◆ **Try it**:
From the entries below, reproduce exactly the line containing "n = circ_mat", the line containing "(- (1\<^sub>m (n", and every line in between, with nothing added.

◆ **Entries shown**:
★ ★ ★ ★ ★

(* Let $n\ge4$ and let $W_n$ be the wheel graph on $n$ vertices with oriented incidence matrix \[N=\left[\begin{array}{c|c} \mathbf{1}^T & \mathbf{0}^T \\ \hline -I_{n-1} & C \end{array}\right],\] where $C$ is the circulant matrix $\mathrm{circ}(1,0,\ldots,0,-1)$ of order $n-1$. Then $CC^T+I_{n-1}$ is invertible and the Moore–Penrose inverse of $N$ is \[N^+=\frac{1}{n} \left[\begin{array}{r|c} \mathbf{1} & X \\ \hline \mathbf{0} & Y \end{array}\right],\] where $X=(CC^T+I_{n-1})^{-1}(J_{n-1}-nI_{n-1})$ and $Y=-C^TX$.
   Context: The wheel graph $W_n$ ($n\ge4$) is a cycle on $n-1$ vertices together with a hub vertex adjacent to every cycle vertex. An oriented incidence matrix of a graph is obtained from the (0/1 vertex-edge) incidence matrix by changing one of the two $1$'s in each column to $-1$; the displayed block form corresponds to listing the hub first, then the cycle vertices in cyclic order, with the $n-1$ spokes (oriented away from the hub) listed first followed by the cycle edges. For $c_0,\dots,c_{k-1}$, $\mathrm{circ}(c_0,\ldots,c_{k-1})$ denotes the $k\times k$ circulant matrix whose $(i,j)$-entry is $c_{(j-i)\bmod k}$. $\mathbf 1$ is the all-ones column vector of length $n-1$, $\mathbf 0$ the zero vector, $J_{n-1}$ the $(n-1)\times(n-1)$ all-ones matrix, $I_{n-1}$ the identity. The Moore–Penrose inverse $A^+$ of a real matrix $A$ is the unique matrix with $AA^+A=A$, $A^+AA^+=A^+$, $(AA^+)^T=AA^+$, $(A^+A)^T=A^+A$. *)

theory Defs
  imports "Jordan_Normal_Form.Gauss_Jordan_Elimination"
begin

definition circ_mat :: "nat \<Rightarrow> (nat \<Rightarrow> real) \<Rightarrow> real mat" where
  "circ_mat k c = mat k k (\<lambda>(i,j). c ((j + k - i) mod k))"

definition wheel_C :: "nat \<Rightarrow> real mat" where
  "wheel_C n = circ_mat (n - 1) (\<lambda>t. if t = 0 then 1 else if t = n - 2 then -1 else 0)"

definition wheel_N :: "nat \<Rightarrow> real mat" where
  "wheel_N n = four_block_mat
     (mat 1 (n - 1) (\<lambda>_. 1)) (0\<^sub>m 1 (n - 1))
     (- (1\<^sub>m (n - 1))) (wheel_C n)"

definition all_ones_mat :: "nat \<Rightarrow> nat \<Rightarrow> real mat" where
  "all_ones_mat r c = mat r c (\<lambda>_. 1)"

definition is_moore_penrose_inverse :: "real mat \<Rightarrow> real mat \<Rightarrow> bool" where
  "is_moore_penrose_inverse A B \<longleftrightarrow>
     B \<in> carrier_mat (dim_col A) (dim_row A) \<and>
     A * B * A = A \<and> B * A * B = B \<and>
     transpose_mat (A * B) = A * B \<and> transpose_mat (B * A) = B * A"

end

theory Submission
  imports Defs "Jordan_Normal_Form.Determinant"
begin

(* Let P = (C C^T + I)^{-1} and let F be n times the claimed N^+. Since the columns of C sum
   to zero, 1^T P = 1^T and C^T J = 0, and one computes N F = n I - J and F N = n H with
   H = [P, -P C; -C^T P, C^T P C]. Both products are symmetric because P is, (n I - J) N = n N
   because the columns of N sum to zero, and H F = F is the identity P X - P C Y = X, which
   reduces to C C^T P = I - P. Thus F / n satisfies the Penrose equations. C C^T + I is
   invertible because v^T (C C^T + I) v = |C^T v|^2 + |v|^2. *)

lemma transpose_smult_mat: "transpose_mat (k \<cdot>\<^sub>m A) = k \<cdot>\<^sub>m transpose_mat A"
  by (rule eq_matI) auto

lemma smult_inverse_smult_mat:
  fixes A :: "real mat"
  assumes "r \<noteq> 0"
  shows "(1 / r) \<cdot>\<^sub>m (r \<cdot>\<^sub>m A) = A"
  using assms by (intro eq_matI) auto

lemma eq_minus_mat_of_add_eq:
  fixes A B D :: "'a :: ab_group_add mat"
  assumes "A \<in> carrier_mat nr nc" "B \<in> carrier_mat nr nc" and "A + B = D"
  shows "A = D - B"
  using assms(1,2) unfolding assms(3)[symmetric] by (intro eq_matI) auto

lemma is_moore_penrose_inverse_smultI:
  fixes A B :: "real mat" and r :: real
  assumes B: "B \<in> carrier_mat (dim_col A) (dim_row A)" and r: "r \<noteq> 0"
    and ABA: "A * B * A = r \<cdot>\<^sub>m A" and BAB: "B * A * B = r \<cdot>\<^sub>m B"
    and AB_sym: "transpose_mat (A * B) = A * B" and BA_sym: "transpose_mat (B * A) = B * A"
  shows "is_moore_penrose_inverse A ((1 / r) \<cdot>\<^sub>m B)"
proof -
  have A: "A \<in> carrier_mat (dim_row A) (dim_col A)" by simp
  have AB: "A * ((1 / r) \<cdot>\<^sub>m B) = (1 / r) \<cdot>\<^sub>m (A * B)"
    using A B by (rule mult_smult_distrib)
  have BA: "(1 / r) \<cdot>\<^sub>m B * A = (1 / r) \<cdot>\<^sub>m (B * A)"
    using B A by (rule mult_smult_assoc_mat)
  have "A * ((1 / r) \<cdot>\<^sub>m B) * A = (1 / r) \<cdot>\<^sub>m (A * B * A)"
    unfolding AB using A B by (intro mult_smult_assoc_mat) auto
  moreover have "(1 / r) \<cdot>\<^sub>m B * A * ((1 / r) \<cdot>\<^sub>m B)
      = (1 / r) \<cdot>\<^sub>m ((1 / r) \<cdot>\<^sub>m (B * A * B))"
  proof -
    have BA_carrier: "B * A \<in> carrier_mat (dim_col A) (dim_col A)" using B by simp
    show ?thesis
      unfolding BA mult_smult_assoc_mat[OF BA_carrier smult_carrier_mat[OF B]]
      by (simp add: mult_smult_distrib[OF BA_carrier B])
  qed
  ultimately show ?thesis
    unfolding is_moore_penrose_inverse_def AB BA transpose_smult_mat AB_sym BA_sym ABA BAB
    using B r by (simp add: smult_inverse_smult_mat)
qed

lemma det_mult_transpose_add_one_neq_0:
  fixes C :: "real mat"
  assumes C: "C \<in> carrier_mat k k"
  shows "det (C * transpose_mat C + 1\<^sub>m k) \<noteq> 0"
proof
  assume "det (C * transpose_mat C + 1\<^sub>m k) = 0"
  then obtain v where v: "v \<in> carrier_vec k" "v \<noteq> 0\<^sub>v k"
    and kernel: "(C * transpose_mat C + 1\<^sub>m k) *\<^sub>v v = 0\<^sub>v k"
    using C by (subst (asm) det_0_iff_vec_prod_zero) auto
  define x where "x = transpose_mat C *\<^sub>v v"
  have x: "x \<in> carrier_vec k" unfolding x_def using C v(1) by simp
  have "C *\<^sub>v x + v = 0\<^sub>v k"
    using kernel C v unfolding x_def
    by (simp add: add_mult_distrib_mat_vec[of _ k k] assoc_mult_mat_vec[of _ k k _ k])
  then have "v \<bullet> (C *\<^sub>v x + v) = 0" using v(1) by simp
  then have "v \<bullet> (C *\<^sub>v x) + v \<bullet> v = 0"
    using C v(1) x by (simp add: scalar_prod_add_distrib[of v k])
  moreover have "v \<bullet> (C *\<^sub>v x) = x \<bullet> x"
    using transpose_vec_mult_scalar[OF C x v(1)] unfolding x_def by simp
  ultimately have "x \<bullet>c x + v \<bullet>c v = 0" by simp
  then have "v \<bullet>c v = 0"
    using conjugate_square_ge_0_vec[of x] conjugate_square_ge_0_vec[of v] by linarith
  then show False using conjugate_square_eq_0_vec[OF v(1)] v(2) by simp
qed

lemma mat_inverse_SomeE:
  fixes A :: "real mat"
  assumes A: "A \<in> carrier_mat k k" and "det A \<noteq> 0"
  obtains B where "mat_inverse A = Some B" "A * B = 1\<^sub>m k" "B * A = 1\<^sub>m k" "B \<in> carrier_mat k k"
proof -
  have "A \<in> Units (ring_mat TYPE(real) k ())"
    by (rule det_non_zero_imp_unit[OF assms])
  then have "mat_inverse A \<noteq> None"
    using mat_inverse(1)[OF A, of "()"] by blast
  then obtain B where B: "mat_inverse A = Some B" by blast
  show thesis using that[OF B] mat_inverse(2)[OF A B] by blast
qed

lemma all_ones_mat_carrier [simp]: "all_ones_mat a b \<in> carrier_mat a b"
  unfolding all_ones_mat_def by simp

lemma dim_row_all_ones_mat [simp]: "dim_row (all_ones_mat a b) = a"
  and dim_col_all_ones_mat [simp]: "dim_col (all_ones_mat a b) = b"
  unfolding all_ones_mat_def by simp_all

lemma transpose_all_ones_mat [simp]: "transpose_mat (all_ones_mat a b) = all_ones_mat b a"
  unfolding all_ones_mat_def by (rule eq_matI) auto

lemma all_ones_mat_mult: "all_ones_mat a b * all_ones_mat b c = real b \<cdot>\<^sub>m all_ones_mat a c"
  unfolding all_ones_mat_def by (rule eq_matI) (auto simp: scalar_prod_def)

lemma outer_all_ones_mat: "all_ones_mat a 1 * all_ones_mat 1 c = all_ones_mat a c"
  unfolding all_ones_mat_def by (rule eq_matI) (auto simp: scalar_prod_def)

lemma sum_reflect_mod:
  fixes j k :: nat
  assumes "j < k"
  shows "(\<Sum>i<k. c ((j + k - i) mod k)) = (\<Sum>t<k. c t)"
proof -
  have mod_eq: "(j + k - i) mod k = (if i \<le> j then j - i else j + k - i)" if "i < k" for i
  proof (cases "i \<le> j")
    case True
    then have "j + k - i = (j - i) + k" by simp
    then have "(j + k - i) mod k = (j - i) mod k" by (simp only: mod_add_self2)
    then show ?thesis using True assms by simp
  next
    case False
    then show ?thesis using that by simp
  qed
  define \<sigma> where "\<sigma> t = (j + k - t) mod k" for t
  have \<sigma>_less: "\<sigma> t < k" for t
    unfolding \<sigma>_def using assms by simp
  have \<sigma>_involutive: "\<sigma> (\<sigma> i) = i" if "i < k" for i
    unfolding \<sigma>_def using that assms by (auto simp: mod_eq)
  have "(\<Sum>i<k. c (\<sigma> i)) = (\<Sum>t<k. c t)"
    by (rule sum.reindex_bij_witness[where i = \<sigma> and j = \<sigma>])
      (simp_all add: \<sigma>_less \<sigma>_involutive)
  then show ?thesis by (simp only: \<sigma>_def)
qed

lemma all_ones_mult_circ_mat:
  "all_ones_mat 1 k * circ_mat k c = (\<Sum>t<k. c t) \<cdot>\<^sub>m all_ones_mat 1 k"
  unfolding all_ones_mat_def circ_mat_def
  by (rule eq_matI) (auto simp: scalar_prod_def atLeast0LessThan sum_reflect_mod)

lemma wheel_C_carrier: "wheel_C n \<in> carrier_mat (n - 1) (n - 1)"
  unfolding wheel_C_def circ_mat_def by simp

lemma all_ones_mult_wheel_C:
  assumes "n \<ge> 3"
  shows "all_ones_mat 1 (n - 1) * wheel_C n = 0\<^sub>m 1 (n - 1)"
proof -
  have "(\<Sum>t<n - 1. if t = 0 then 1 else if t = n - 2 then -1 else 0)
      = (\<Sum>t<n - 1. (if t = 0 then 1 else 0) - (if t = n - 2 then 1 else (0::real)))"
    using assms by (intro sum.cong) auto
  also have "\<dots> = 0"
    using assms by (simp add: sum_subtractf)
  finally show ?thesis
    unfolding wheel_C_def all_ones_mult_circ_mat by (intro eq_matI) (auto simp: all_ones_mat_def)
qed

★ ★ ★ ★ ★

◆ **Finished exercise**:
  "wheel_C n = circ_mat (n - 1) (\<lambda>t. if t = 0 then 1 else if t = n - 2 then -1 else 0)"

definition wheel_N :: "nat \<Rightarrow> real mat" where
  "wheel_N n = four_block_mat
     (mat 1 (n - 1) (\<lambda>_. 1)) (0\<^sub>m 1 (n - 1))
     (- (1\<^sub>m (n - 1))) (wheel_C n)"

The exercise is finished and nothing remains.